The anemia of chronic disease (ACD) is one of the most common types of anemia in the elderly and a frequent cause of morbidity in these patients. Overproduction of pro-inflammatory cytokines has been previously implicated in the pathogenesis of this syndrome, but the precise molecular mechanisms that lead to ineffective erythropoiesis are not known. We have shown that the p38 Map kinase pathway is a common mediator of the effects of different myelossuppressive cytokines on normal erythropoiesis and that its activation is essential for suppression of growth of human erythroid progenitors. We have also demonstrated that pharmacological inhibition of this pathway results in enhanced erythroid colony formation from the bone marrows of patients with ACD, suggesting a key role for this signaling cascade in the pathophysiology of this syndrome. The overall goal of this grant application is to determine the precise role of the p38 pathway in the pathogenesis of the anemias of chronic disease and to identify the mechanisms by which it mediates such effects.

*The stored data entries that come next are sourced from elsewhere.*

text \<open>f(x*y) = integral of f against delta_x * delta_y; here conv x y models delta_x * delta_y.\<close>
definition hval :: "('a::topological_space \<Rightarrow> 'a \<Rightarrow> 'a measure) \<Rightarrow> ('a \<Rightarrow> complex) \<Rightarrow> 'a \<Rightarrow> 'a \<Rightarrow> complex" where
  "hval conv f x y = (\<integral>z. f z \<partial>(conv x y))"

definition bcontinuous :: "('a::topological_space \<Rightarrow> real) \<Rightarrow> bool" where
  "bcontinuous f \<longleftrightarrow> continuous_on UNIV f \<and> bounded (range f)"

text \<open>Jewett / Bloom--Heyer axioms for a locally compact hypergroup, expressed via the
  convolution of point masses conv x y = delta_x * delta_y, the involution invol and identity e.
  (The convolution on M(K) is determined by the point-mass convolutions.)\<close>
definition hypergroup :: "('a::t2_space \<Rightarrow> 'a \<Rightarrow> 'a measure) \<Rightarrow> ('a \<Rightarrow> 'a) \<Rightarrow> 'a \<Rightarrow> bool" where
  "hypergroup conv invol e \<longleftrightarrow>
     locally_compact_space (euclidean :: 'a topology) \<and>
     \<comment> \<open>delta_x * delta_y is a Borel probability measure with compact support\<close>
     (\<forall>x y. sets (conv x y) = sets borel \<and> prob_space (conv x y) \<and> compact (msupp (conv x y))) \<and>
     \<comment> \<open>associativity\<close>
     (\<forall>x y w f. bcontinuous f \<longrightarrow>
        (\<integral>z. (\<integral>u. f u \<partial>(conv z w)) \<partial>(conv x y)) =
        (\<integral>z. (\<integral>u. f u \<partial>(conv x z)) \<partial>(conv y w))) \<and>
     \<comment> \<open>weak continuity of (x,y) to delta_x * delta_y\<close>
     (\<forall>f. bcontinuous f \<longrightarrow> continuous_on UNIV (\<lambda>p. \<integral>z. f z \<partial>(conv (fst p) (snd p)))) \<and>
     \<comment> \<open>continuity of (x,y) to supp(delta_x * delta_y) for the Michael topology\<close>
     (\<forall>U. open U \<longrightarrow> open {p. msupp (conv (fst p) (snd p)) \<inter> U \<noteq> {}}
                    \<and> open {p. msupp (conv (fst p) (snd p)) \<subseteq> U}) \<and>
     \<comment> \<open>identity\<close>
     (\<forall>x. conv e x = return borel x \<and> conv x e = return borel x) \<and>
     \<comment> \<open>involution: homeomorphism of order 2, anti-automorphism of convolution\<close>
     continuous_on UNIV invol \<and> (\<forall>x. invol (invol x) = x) \<and>
     (\<forall>x y. distr (conv x y) borel invol = conv (invol y) (invol x)) \<and>
     \<comment> \<open>e in supp(delta_x * delta_(invol y)) iff x = y\<close>
     (\<forall>x y. e \<in> msupp (conv x (invol y)) \<longleftrightarrow> x = y)"

definition left_haar :: "('a::t2_space \<Rightarrow> 'a \<Rightarrow> 'a measure) \<Rightarrow> 'a measure \<Rightarrow> bool" where
  "left_haar conv haar \<longleftrightarrow>
     sets haar = sets borel \<and> emeasure haar UNIV \<noteq> 0 \<and>
     (\<forall>C. compact C \<longrightarrow> emeasure haar C < \<infinity>) \<and>
     (\<forall>U. open U \<longrightarrow> U \<noteq> {} \<longrightarrow> emeasure haar U > 0) \<and>
     (\<forall>f::'a \<Rightarrow> real. continuous_on UNIV f \<longrightarrow> compact (closure {x. f x \<noteq> 0}) \<longrightarrow>
        (\<forall>x. (\<integral>y. (\<integral>z. f z \<partial>(conv x y)) \<partial>haar) = (\<integral>y. f y \<partial>haar)))"

definition hset_prod :: "('a::topological_space \<Rightarrow> 'a \<Rightarrow> 'a measure) \<Rightarrow> 'a set \<Rightarrow> 'a set \<Rightarrow> 'a set" where
  "hset_prod conv A B = (\<Union>a\<in>A. \<Union>b\<in>B. msupp (conv a b))"

fun hset_pow :: "('a::topological_space \<Rightarrow> 'a \<Rightarrow> 'a measure) \<Rightarrow> 'a set \<Rightarrow> nat \<Rightarrow> 'a set" where
  "hset_pow conv A 0 = A"   \<comment> \<open>unused: only n >= 1 is used\<close>
| "hset_pow conv A (Suc 0) = A"
| "hset_pow conv A (Suc (Suc n)) = hset_prod conv (hset_pow conv A (Suc n)) A"

definition nondegenerate :: "('a::topological_space \<Rightarrow> 'a \<Rightarrow> 'a measure) \<Rightarrow> 'a measure \<Rightarrow> bool" where
  "nondegenerate conv \<sigma> \<longleftrightarrow> UNIV = closure (\<Union>n\<in>{1..}. hset_pow conv (msupp \<sigma>) n)"

definition harmonic :: "('a::topological_space \<Rightarrow> 'a \<Rightarrow> 'a measure) \<Rightarrow> ('a \<Rightarrow> 'a) \<Rightarrow> 'a measure \<Rightarrow> ('a \<Rightarrow> complex) \<Rightarrow> bool" where
  "harmonic conv invol \<sigma> f \<longleftrightarrow> (\<forall>x. (\<integral>y. hval conv f (invol y) x \<partial>\<sigma>) = f x)"

definition vanishes_at_infinity :: "('a::topological_space \<Rightarrow> complex) \<Rightarrow> bool" where
  "vanishes_at_infinity f \<longleftrightarrow> (\<forall>\<epsilon>>0. \<exists>C. compact C \<and> (\<forall>x. x \<notin> C \<longrightarrow> norm (f x) < \<epsilon>))"

end

theory Submission
  imports Defs
begin

text \<open>The argument is a maximum principle. For a nonnegative bounded continuous \<sigma>-harmonic \<open>h\<close>
  with zero set \<open>Z\<close>, the set of \<open>t\<close> with \<open>{t} * Z \<subseteq> Z\<close> is closed, contains the involuted support of \<sigma> (by
  harmonicity, since \<open>h z = \<integral> h(y\<^sup>\<or> * z) d\<sigma>(y)\<close> is an average of nonnegative values), and is
  closed under hypergroup products (by associativity). Since the involution reverses products,
  non-degeneracy of \<sigma> makes this set all of \<open>K\<close>. If \<open>h\<close> has a zero \<open>x\<^sub>0\<close>, associativity then gives
  \<open>h(x * u) = 0\<close> on the support of \<open>\<delta>\<^bsub>x\<^sub>0\<^sup>\<or>\<^esub> * \<delta>\<^bsub>x\<^sub>0\<^esub>\<close>, which contains \<open>e\<close>, so \<open>h(x) = 0\<close>.
  For \<open>f\<close> as in the theorem, \<open>|f|\<close> attains its maximum at some \<open>x\<^sub>0\<close> because \<open>f\<close> vanishes at infinity;
  with \<open>c = f x\<^sub>0\<close>, the principle applied to \<open>|c|\<^sup>2 - Re (c\<^sup>* f)\<close> gives \<open>Re (c\<^sup>* f) = |c|\<^sup>2\<close>, which
  together with \<open>|f| \<le> |c|\<close> forces \<open>f = c\<close>.\<close>

lemma borel_measurable_continuous_on_UNIV:
  "continuous_on UNIV g \<Longrightarrow> sets M = sets borel \<Longrightarrow> g \<in> borel_measurable M"
  using borel_measurable_continuous_onI measurable_cong_sets by blast

lemma integrable_bounded_continuous:
  fixes g :: "'a::topological_space \<Rightarrow> 'b::{banach,second_countable_topology}"
  assumes "prob_space M" "sets M = sets borel" "continuous_on UNIV g" "bounded (range g)"
  shows "integrable M g"
proof -
  interpret prob_space M by fact
  obtain B where "\<And>x. norm (g x) \<le> B" using assms(4) by (auto simp: bounded_iff)
  then show ?thesis
    by (intro integrable_const_bound[where B=B] borel_measurable_continuous_on_UNIV assms(2,3)) auto
qed

lemma (in prob_space) norm_integral_le_const:
  fixes g :: "'a \<Rightarrow> 'b::{banach,second_countable_topology}"
  assumes "integrable M g" "\<And>x. norm (g x) \<le> B"
  shows "norm (integral\<^sup>L M g) \<le> B"
proof -
  have "norm (integral\<^sup>L M g) \<le> (\<integral>x. norm (g x) \<partial>M)" by (rule integral_norm_bound)
  also have "\<dots> \<le> B" using assms by (intro integral_le_const) auto
  finally show ?thesis .
qed

lemma bcontinuous_bounded_linear_comp:
  assumes "continuous_on UNIV f" "bounded (range f)" "bounded_linear T"
  shows "bcontinuous (\<lambda>x. T (f x))"
proof -
  have "range (\<lambda>x. T (f x)) = T ` range f" by auto
  then show ?thesis
    using assms bounded_linear_image[OF assms(2,3)]
    by (simp add: bcontinuous_def bounded_linear.continuous_on)
qed

lemma bcontinuous_vanishes_on_msupp:
  fixes k :: "'a::topological_space \<Rightarrow> real"
  assumes "prob_space M" "sets M = sets borel" "bcontinuous k" "\<And>y. k y \<ge> 0"
    and "integral\<^sup>L M k = 0" "x \<in> msupp M"
  shows "k x = 0"
proof (rule ccontr)
  assume "k x \<noteq> 0"
  with assms(4) have kx: "k x > 0" by (simp add: order_less_le)
  let ?U = "{y. k x / 2 < k y}"
  have "integrable M k"
    using assms(3) by (intro integrable_bounded_continuous assms(1,2)) (auto simp: bcontinuous_def)
  then have "AE y in M. k y = 0"
    using integral_nonneg_eq_0_iff_AE assms(4,5) by auto
  then have "AE y in M. y \<notin> ?U" by eventually_elim (use kx in auto)
  moreover have "open ?U"
    using assms(3) by (intro open_Collect_less continuous_intros) (auto simp: bcontinuous_def)
  ultimately have "emeasure M ?U = 0"
    using AE_iff_null_sets[of ?U M] assms(2) by auto
  moreover have "emeasure M ?U > 0"
    using assms(6) \<open>open ?U\<close> kx unfolding msupp_def by auto
  ultimately show False by simp
qed

lemma vanishes_at_infinity_norm_attains_max:
  assumes "continuous_on UNIV f" "vanishes_at_infinity f"
  shows "\<exists>x\<^sub>0. \<forall>y. norm (f y) \<le> norm (f x\<^sub>0)"
proof (cases "\<exists>x\<^sub>1. f x\<^sub>1 \<noteq> 0")
  case False
  then show ?thesis by auto
next
  case True
  then obtain x\<^sub>1 where "norm (f x\<^sub>1) > 0" by auto
  with assms(2) obtain C where C: "compact C" "\<And>x. x \<notin> C \<Longrightarrow> norm (f x) < norm (f x\<^sub>1)"
    unfolding vanishes_at_infinity_def by blast
  then have "x\<^sub>1 \<in> C" by force
  then obtain x\<^sub>0 where x\<^sub>0: "\<And>y. y \<in> C \<Longrightarrow> norm (f y) \<le> norm (f x\<^sub>0)"
    using continuous_attains_sup[OF C(1), of "\<lambda>x. norm (f x)"]
      continuous_on_subset[OF continuous_on_norm[OF assms(1)]] by blast
  have "norm (f y) \<le> norm (f x\<^sub>0)" for y
    using C(2)[of y] x\<^sub>0[of y] x\<^sub>0[OF \<open>x\<^sub>1 \<in> C\<close>] by (cases "y \<in> C") auto
  then show ?thesis by blast
qed

lemma complex_eq_if_norm_le_Re_cnj_mult:
  fixes c w :: complex
  assumes "norm w \<le> norm c" and "Re (cnj c * w) = (norm c)\<^sup>2"
  shows "w = c"
proof -
  have "(norm (w - c))\<^sup>2 = (norm w)\<^sup>2 - 2 * Re (cnj c * w) + (norm c)\<^sup>2"
    by (simp only: cmod_power2) (simp add: power2_eq_square algebra_simps)
  also have "\<dots> \<le> 0"
    using assms norm_ge_zero[of w] by (simp add: power_mono)
  finally show ?thesis by simp
qed

locale hgroup =
  fixes conv :: "'a::t2_space \<Rightarrow> 'a \<Rightarrow> 'a measure" and invol :: "'a \<Rightarrow> 'a" and e :: 'a
  assumes hypergroup: "hypergroup conv invol e"
begin

lemma sets_conv: "sets (conv x y) = sets borel"
  using hypergroup by (simp add: hypergroup_def)

lemma prob_space_conv: "prob_space (conv x y)"
  using hypergroup by (simp add: hypergroup_def)

lemma conv_assoc:
  "bcontinuous f \<Longrightarrow>
     (\<integral>z. (\<integral>u. f u \<partial>conv z w) \<partial>conv x y) = (\<integral>z. (\<integral>u. f u \<partial>conv x z) \<partial>conv y w)"
  using hypergroup by (simp add: hypergroup_def)

lemma continuous_on_conv_integral:
  "bcontinuous f \<Longrightarrow> continuous_on UNIV (\<lambda>p. \<integral>z. f z \<partial>conv (fst p) (snd p))"
  using hypergroup by (simp add: hypergroup_def)

lemma conv_e_right: "conv x e = return borel x"
  using hypergroup by (simp add: hypergroup_def)

lemma continuous_on_invol: "continuous_on UNIV invol"
  using hypergroup by (simp add: hypergroup_def)

lemma invol_invol [simp]: "invol (invol x) = x"
  using hypergroup by (simp add: hypergroup_def)

lemma distr_conv_invol: "distr (conv x y) borel invol = conv (invol y) (invol x)"
  using hypergroup by (simp add: hypergroup_def)

lemma e_in_msupp_conv_invol_iff: "e \<in> msupp (conv x (invol y)) \<longleftrightarrow> x = y"
  using hypergroup by (simp add: hypergroup_def)

lemma msupp_conv_invol:
  assumes "u \<in> msupp (conv b a)"
  shows "invol u \<in> msupp (conv (invol a) (invol b))"
  unfolding msupp_def
proof (intro CollectI allI impI)
  fix U assume U: "open U" "invol u \<in> U"
  have "invol \<in> measurable (conv b a) borel"
    using borel_measurable_continuous_on_UNIV[OF continuous_on_invol sets_conv] .
  then have "emeasure (conv (invol a) (invol b)) U = emeasure (conv b a) (invol -` U)"
    using emeasure_distr[of invol "conv b a" borel U] U(1) distr_conv_invol[of b a]
      sets_eq_imp_space_eq[OF sets_conv] by simp
  moreover have "open (invol -` U)" using open_vimage[OF U(1) continuous_on_invol] .
  ultimately show "emeasure (conv (invol a) (invol b)) U > 0"
    using assms U(2) unfolding msupp_def by auto
qed

lemma integrable_conv:
  fixes g :: "'a \<Rightarrow> 'b::{banach,second_countable_topology}"
  shows "continuous_on UNIV g \<Longrightarrow> bounded (range g) \<Longrightarrow> integrable (conv x y) g"
  by (rule integrable_bounded_continuous[OF prob_space_conv sets_conv])

lemma norm_integral_conv_le:
  fixes g :: "'a \<Rightarrow> 'b::{banach,second_countable_topology}"
  assumes "continuous_on UNIV g" "\<And>x. norm (g x) \<le> B"
  shows "norm (\<integral>z. g z \<partial>conv x y) \<le> B"
proof -
  interpret prob_space "conv x y" by (rule prob_space_conv)
  have "bounded (range g)" using assms(2) by (auto simp: bounded_iff)
  with assms show ?thesis by (intro norm_integral_le_const integrable_conv)
qed

definition rhval :: "('a \<Rightarrow> real) \<Rightarrow> 'a \<Rightarrow> 'a \<Rightarrow> real" where
  "rhval h x y = (\<integral>z. h z \<partial>conv x y)"

definition rharmonic :: "'a measure \<Rightarrow> ('a \<Rightarrow> real) \<Rightarrow> bool" where
  "rharmonic \<sigma> h \<longleftrightarrow> (\<forall>x. (\<integral>y. rhval h (invol y) x \<partial>\<sigma>) = h x)"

Specific aim A is to determine the role of p38 in the generation of the effects of the pro-inflammatory cytokine tumor necrosis factor a (TNFa) and the iron-regulatory hormone hepcidin on normal erythropoiesis.
Specific aim B is to define the mechanisms of activation of the p38 pathway in bone marrows from patients with ACD, and to determine whether pharmacological or molecular inhibition of different p38-isotypes enhances the growth of erythroid progenitors from ACD-bone marrows in vitro. This will include studies using a novel inhibitor of p38, SCIO-469, that is currently under clinical development for other entities.
Specific aim C is to dissect the roles of specific downstream effectors of p38 in the suppression of normal erythropoiesis in ACD bone marrows. The activation of known p38-regulated kinases, such as MapKapK2, MapKapKS, Msk1, and Mnk1, will be examined in ACD bone marrows, and their contributions to the suppression of erythropoiesis will be determined. Altogether, these studies should advance our overall understanding of the pathogenesis of chronic anemias in the elderly, and may provide the basis for the future development of novel therapeutic approaches for the treatment of ACD using as targets p38 and/or its effector kinases.